Au matin, maman entra dans la chambre à petit bruit. Elle n’apportait pas le chocolat-croissant des jours sans école. Elle s’assit sur le bord du lit, caressa les cheveux de l’enfant, prit sa main dans la sienne, lui dit qu’il fallait être courageux , que papa n’aimerait pas le voir pleurer ; et le petit Romain Lempereur, cinq ans, cherchait au cercle de la lampe quel oiseau de malheur venait d’entrer dans son ciel.
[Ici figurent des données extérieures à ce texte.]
(* Let $\Omega\subset\mathbb{R}^d$ be a domain and let $u\in\mathcal{S}^F(\Omega)$. Then $$L_u(u)\ge(2-\gamma)u^{\gamma-1}\quad\text{in }\{u>0\}\cap\Omega,\qquad\text{and}\qquad \Delta u\le u^{\gamma-1}\quad\text{in }\Omega.$$
   Context: Fix $d\ge1$, $\Lambda\ge1$, $\gamma\in(1,2)$. $\mathcal{S}_d$ is the space of real symmetric $d\times d$ matrices. Standing assumptions on $F:\mathcal{S}_d\to\mathbb{R}$: (i) uniform ellipticity: $\frac1\Lambda\|P\|\le F(M+P)-F(M)\le\Lambda\|P\|$ for all $M,P\in\mathcal{S}_d$, $P\ge0$; (ii) $F$ is convex, $F(0)=0$, and the trace map $M\mapsto \mathrm{trace}(M)$ is a sub-differential of $F$ at $0$; (iii) either $F$ is (Gâteaux) differentiable at $0$, or $F(\lambda M)=\lambda F(M)$ for all $\lambda>0$, $M\in\mathcal{S}_d$. A sub-differential of $F$ at $A\in\mathcal{S}_d$ is a linear map $S_A:\mathcal{S}_d\to\mathbb{R}$ with $S_A(M)\le F(A+M)-F(A)$ for all $M\in\mathcal{S}_d$. $\mathcal{S}^F(\Omega)$ is the class of continuous (viscosity, hence classical) solutions of $F(D^2u)=u^{\gamma-1}$, $u\ge0$ in $\Omega$. The linearized operator is $L_u(w)=S_{D^2u}(D^2w)-(\gamma-1)u^{\gamma-2}w$ in $\{u>0\}\cap\Omega$, where at each point $x$, $S_{D^2u}=S_{D^2u(x)}$ is a sub-differential of $F$ at $D^2u(x)$. *)

theory Defs
  imports "HOL-Analysis.Analysis"
begin

definition sym_mat :: "real^'n^'n \<Rightarrow> bool" where
  "sym_mat M \<longleftrightarrow> transpose M = M"

definition psd :: "real^'n^'n \<Rightarrow> bool" where
  "psd P \<longleftrightarrow> (\<forall>x. 0 \<le> x \<bullet> (P *v x))"

definition mat_norm :: "real^'n^'n \<Rightarrow> real" where
  "mat_norm P = onorm (\<lambda>x. P *v x)"

definition subdiff :: "(real^'n^'n \<Rightarrow> real) \<Rightarrow> real^'n^'n \<Rightarrow> (real^'n^'n \<Rightarrow> real) \<Rightarrow> bool" where
  "subdiff F A S \<longleftrightarrow> linear S \<and> (\<forall>M. sym_mat M \<longrightarrow> S M \<le> F (A + M) - F A)"

definition standing_F :: "real \<Rightarrow> (real^'n^'n \<Rightarrow> real) \<Rightarrow> bool" where
  "standing_F Lam F \<longleftrightarrow>
     (\<forall>M P. sym_mat M \<and> sym_mat P \<and> psd P \<longrightarrow>
        mat_norm P / Lam \<le> F (M + P) - F M \<and> F (M + P) - F M \<le> Lam * mat_norm P)
   \<and> convex_on {M. sym_mat M} F
   \<and> F 0 = 0
   \<and> subdiff F 0 trace
   \<and> ((\<exists>L. linear L \<and> (\<forall>M. sym_mat M \<longrightarrow>
            ((\<lambda>t. (F (t *\<^sub>R M) - F 0) / t) \<longlongrightarrow> L M) (at 0)))
      \<or> (\<forall>lam M. lam > 0 \<and> sym_mat M \<longrightarrow> F (lam *\<^sub>R M) = lam * F M))"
Autrement : Au matin, maman entra porteuse du chocolat et du croissant selon le rite des jours sans école. « As-tu bien dormi, poussin, avec tout ce tapage aux petites heures ? Tu n’as rien entendu ? Juste après le départ de papa : bataille de chats, conférence de merles, fracas de chiens éboueurs, je n’ai pas pu refermer l’œil. » Elle s’assit sur le bord du lit, caressa les cheveux du petit garçon. « Que ferons-nous aujourd’hui, canard ? Ton père vient de m’apprendre au téléphone qu’il y a deux naissances chez les fauves. » Deux naissances chez les fauves… Les yeux rivés au cercle doré de la lampe où monte la fumée du bol jusqu’au plafond, le petit Romain Lempereur, cinq ans, cherche le nom des oiseaux de bonheur entrant dans son ciel d’aujourd’hui.